Data entries:
_ _ _

lemma binom4_series_17:
  "(\<lambda>k. (22 * real k ^ 2 + 17 * real k - 2) * real ((4 * k) choose k)
     / ((real k + 1) * 16 ^ k)) sums 17"
proof -
  have "(\<lambda>k. (22 * real k ^ 2 + 17 * real k - 2) / (real k + 1) * binom4_term k)
          sums (27 + 54 * 0 + 8 * (-5/4))"
  proof (rule binom4_telescoping_sums[where G = "\<lambda>x. 27 + 54 * x"])
    show "(\<lambda>k. (27 + 54 * real k) * binom4_term k) \<longlonglongrightarrow> 0"
      by (rule binom4_term_tendsto)
    fix x :: real
    assume "0 \<le> x"
    then have "x + 1 \<noteq> 0" "3*x + 1 \<noteq> 0" "3*x + 2 \<noteq> 0" "3*x + 3 \<noteq> 0"
      by linarith+
    then show "(22 * x^2 + 17 * x - 2) / (x + 1)
        = 27 + 54 * x - (27 + 54 * (x + 1)) * binom4_ratio x + (-5/4) * raney_weight x"
      unfolding binom4_ratio_def raney_weight_def
      by (simp add: divide_simps) (simp add: algebra_simps power2_eq_square)
  qed
  then show ?thesis
    unfolding binom4_term_divide by simp
qed

lemma binom4_series_1:
  "(\<lambda>k. (11 * real k ^ 2 + 8 * real k + 1) * real ((4 * k) choose k)
     / ((3 * real k + 1) * (3 * real k + 2) * 16 ^ k)) sums 1"
proof -
  have "(\<lambda>k. (11 * real k ^ 2 + 8 * real k + 1) / ((3 * real k + 1) * (3 * real k + 2)) * binom4_term k)
          sums (3 + 8 * (-1/4))"
  proof (rule binom4_telescoping_sums[where G = "\<lambda>x. 3"])
    show "(\<lambda>k. 3 * binom4_term k) \<longlonglongrightarrow> 0"
      using binom4_term_tendsto[of 3 0] by simp
    fix x :: real
    assume "0 \<le> x"
    then have "x + 1 \<noteq> 0" "3*x + 1 \<noteq> 0" "3*x + 2 \<noteq> 0" "3*x + 3 \<noteq> 0"
      by linarith+
    then show "(11 * x^2 + 8 * x + 1) / ((3 * x + 1) * (3 * x + 2))
        = 3 - 3 * binom4_ratio x + (-1/4) * raney_weight x"
      unfolding binom4_ratio_def raney_weight_def
      by (simp add: divide_simps) (simp add: algebra_simps power2_eq_square)
  qed
  then show ?thesis
    unfolding binom4_term_divide by simp
qed

lemma binom4_series_minus_third:
  "(\<lambda>k. (22 * real k ^ 2 - 18 * real k + 3) * real ((4 * k) choose k)
     / ((2 * real k - 1) * (4 * real k - 1) * (4 * real k - 3) * 16 ^ k)) sums (- 1 / 3)"
proof -
  \<comment> \<open>Here the telescoping function is the summand itself: \<open>R(k+1) t(k+1)\<close> is a twelfth of the
    weight term, which also gives its decay.\<close>
  define R where "R x = (22 * x^2 - 18 * x + 3) / ((2 * x - 1) * (4 * x - 1) * (4 * x - 3))" for x :: real
  have shift: "R (x + 1) * binom4_ratio x = raney_weight x / 12" if "0 \<le> x" for x
  proof -
    have "x + 1 \<noteq> 0" "3*x + 1 \<noteq> 0" "3*x + 2 \<noteq> 0" "3*x + 3 \<noteq> 0"
      "2*x + 1 \<noteq> 0" "4*x + 1 \<noteq> 0" "4*x + 3 \<noteq> 0"
      using that by linarith+
    then show ?thesis
      unfolding R_def binom4_ratio_def raney_weight_def
      by (simp add: divide_simps) (simp add: algebra_simps power2_eq_square)
  qed
  have "R (real (Suc k)) * binom4_term (Suc k)
      = (4 * raney 1 k + 2 * raney 2 k + raney 3 k) / 16^k / 12" for k
  proof -
    have "R (real (Suc k)) * binom4_term (Suc k) = binom4_term k * (R (real k + 1) * binom4_ratio (real k))"
      by (simp add: binom4_term_Suc mult_ac add.commute)
    then show ?thesis
      by (simp only: shift of_nat_0_le_iff raney_weight_eq times_divide_eq_right)
  qed
  then have "(\<lambda>k. R (real (Suc k)) * binom4_term (Suc k))
      = (\<lambda>k. (4 * raney 1 k + 2 * raney 2 k + raney 3 k) / 16^k / 12)"
    by (rule ext)
  moreover have "\<dots> \<longlonglongrightarrow> 0"
    using raney_weight_sums by (intro tendsto_divide_zero summable_LIMSEQ_zero sums_summable)
  ultimately have "(\<lambda>k. R (real (Suc k)) * binom4_term (Suc k)) \<longlonglongrightarrow> 0"
    by simp
  then have "(\<lambda>k. R (real k) * binom4_term k) \<longlonglongrightarrow> 0"
    by (rule LIMSEQ_imp_Suc)
  then have "(\<lambda>k. R (real k) * binom4_term k) sums (R 0 + 8 * (1/12))"
    by (rule binom4_telescoping_sums) (simp add: shift)
  then show ?thesis
    unfolding binom4_term_divide by (simp add: R_def)
qed

theorem theorem1p3:
  shows "(\<lambda>k::nat. (22 * real k ^ 2 + 17 * real k - 2) * real ((4 * k) choose k)
            / ((real k + 1) * 16 ^ k)) sums 17 \<and>
         (\<lambda>k::nat. (11 * real k ^ 2 + 8 * real k + 1) * real ((4 * k) choose k)
            / ((3 * real k + 1) * (3 * real k + 2) * 16 ^ k)) sums 1 \<and>
         (\<lambda>k::nat. (22 * real k ^ 2 - 18 * real k + 3) * real ((4 * k) choose k)
            / ((2 * real k - 1) * (4 * real k - 1) * (4 * real k - 3) * 16 ^ k)) sums (- 1 / 3)"
  using binom4_series_17 binom4_series_1 binom4_series_minus_third by blast

end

_ _ _

Goal of the exercise:
Please return all of the records exactly as they appear.

Result of the task:
lemma binom4_series_17:
  "(\<lambda>k. (22 * real k ^ 2 + 17 * real k - 2) * real ((4 * k) choose k)
     / ((real k + 1) * 16 ^ k)) sums 17"
proof -
  have "(\<lambda>k. (22 * real k ^ 2 + 17 * real k - 2) / (real k + 1) * binom4_term k)
          sums (27 + 54 * 0 + 8 * (-5/4))"
  proof (rule binom4_telescoping_sums[where G = "\<lambda>x. 27 + 54 * x"])
    show "(\<lambda>k. (27 + 54 * real k) * binom4_term k) \<longlonglongrightarrow> 0"
      by (rule binom4_term_tendsto)
    fix x :: real
    assume "0 \<le> x"
    then have "x + 1 \<noteq> 0" "3*x + 1 \<noteq> 0" "3*x + 2 \<noteq> 0" "3*x + 3 \<noteq> 0"
      by linarith+
    then show "(22 * x^2 + 17 * x - 2) / (x + 1)
        = 27 + 54 * x - (27 + 54 * (x + 1)) * binom4_ratio x + (-5/4) * raney_weight x"
      unfolding binom4_ratio_def raney_weight_def
      by (simp add: divide_simps) (simp add: algebra_simps power2_eq_square)
  qed
  then show ?thesis
    unfolding binom4_term_divide by simp
qed

lemma binom4_series_1:
  "(\<lambda>k. (11 * real k ^ 2 + 8 * real k + 1) * real ((4 * k) choose k)
     / ((3 * real k + 1) * (3 * real k + 2) * 16 ^ k)) sums 1"
proof -
  have "(\<lambda>k. (11 * real k ^ 2 + 8 * real k + 1) / ((3 * real k + 1) * (3 * real k + 2)) * binom4_term k)
          sums (3 + 8 * (-1/4))"
  proof (rule binom4_telescoping_sums[where G = "\<lambda>x. 3"])
    show "(\<lambda>k. 3 * binom4_term k) \<longlonglongrightarrow> 0"
      using binom4_term_tendsto[of 3 0] by simp
    fix x :: real
    assume "0 \<le> x"
    then have "x + 1 \<noteq> 0" "3*x + 1 \<noteq> 0" "3*x + 2 \<noteq> 0" "3*x + 3 \<noteq> 0"
      by linarith+
    then show "(11 * x^2 + 8 * x + 1) / ((3 * x + 1) * (3 * x + 2))
        = 3 - 3 * binom4_ratio x + (-1/4) * raney_weight x"
      unfolding binom4_ratio_def raney_weight_def
      by (simp add: divide_simps) (simp add: algebra_simps power2_eq_square)
  qed
  then show ?thesis
    unfolding binom4_term_divide by simp
qed

lemma binom4_series_minus_third:
  "(\<lambda>k. (22 * real k ^ 2 - 18 * real k + 3) * real ((4 * k) choose k)
     / ((2 * real k - 1) * (4 * real k - 1) * (4 * real k - 3) * 16 ^ k)) sums (- 1 / 3)"
proof -
  \<comment> \<open>Here the telescoping function is the summand itself: \<open>R(k+1) t(k+1)\<close> is a twelfth of the
    weight term, which also gives its decay.\<close>
  define R where "R x = (22 * x^2 - 18 * x + 3) / ((2 * x - 1) * (4 * x - 1) * (4 * x - 3))" for x :: real
  have shift: "R (x + 1) * binom4_ratio x = raney_weight x / 12" if "0 \<le> x" for x
  proof -
    have "x + 1 \<noteq> 0" "3*x + 1 \<noteq> 0" "3*x + 2 \<noteq> 0" "3*x + 3 \<noteq> 0"
      "2*x + 1 \<noteq> 0" "4*x + 1 \<noteq> 0" "4*x + 3 \<noteq> 0"
      using that by linarith+
    then show ?thesis
      unfolding R_def binom4_ratio_def raney_weight_def
      by (simp add: divide_simps) (simp add: algebra_simps power2_eq_square)
  qed
  have "R (real (Suc k)) * binom4_term (Suc k)
      = (4 * raney 1 k + 2 * raney 2 k + raney 3 k) / 16^k / 12" for k
  proof -
    have "R (real (Suc k)) * binom4_term (Suc k) = binom4_term k * (R (real k + 1) * binom4_ratio (real k))"
      by (simp add: binom4_term_Suc mult_ac add.commute)
    then show ?thesis
      by (simp only: shift of_nat_0_le_iff raney_weight_eq times_divide_eq_right)
  qed
  then have "(\<lambda>k. R (real (Suc k)) * binom4_term (Suc k))
      = (\<lambda>k. (4 * raney 1 k + 2 * raney 2 k + raney 3 k) / 16^k / 12)"
    by (rule ext)
  moreover have "\<dots> \<longlonglongrightarrow> 0"
    using raney_weight_sums by (intro tendsto_divide_zero summable_LIMSEQ_zero sums_summable)
  ultimately have "(\<lambda>k. R (real (Suc k)) * binom4_term (Suc k)) \<longlonglongrightarrow> 0"
    by simp
  then have "(\<lambda>k. R (real k) * binom4_term k) \<longlonglongrightarrow> 0"
    by (rule LIMSEQ_imp_Suc)
  then have "(\<lambda>k. R (real k) * binom4_term k) sums (R 0 + 8 * (1/12))"
    by (rule binom4_telescoping_sums) (simp add: shift)
  then show ?thesis
    unfolding binom4_term_divide by (simp add: R_def)
qed

theorem theorem1p3:
  shows "(\<lambda>k::nat. (22 * real k ^ 2 + 17 * real k - 2) * real ((4 * k) choose k)
            / ((real k + 1) * 16 ^ k)) sums 17 \<and>
         (\<lambda>k::nat. (11 * real k ^ 2 + 8 * real k + 1) * real ((4 * k) choose k)
            / ((3 * real k + 1) * (3 * real k + 2) * 16 ^ k)) sums 1 \<and>
         (\<lambda>k::nat. (22 * real k ^ 2 - 18 * real k + 3) * real ((4 * k) choose k)
            / ((2 * real k - 1) * (4 * real k - 1) * (4 * real k - 3) * 16 ^ k)) sums (- 1 / 3)"
  using binom4_series_17 binom4_series_1 binom4_series_minus_third by blast

end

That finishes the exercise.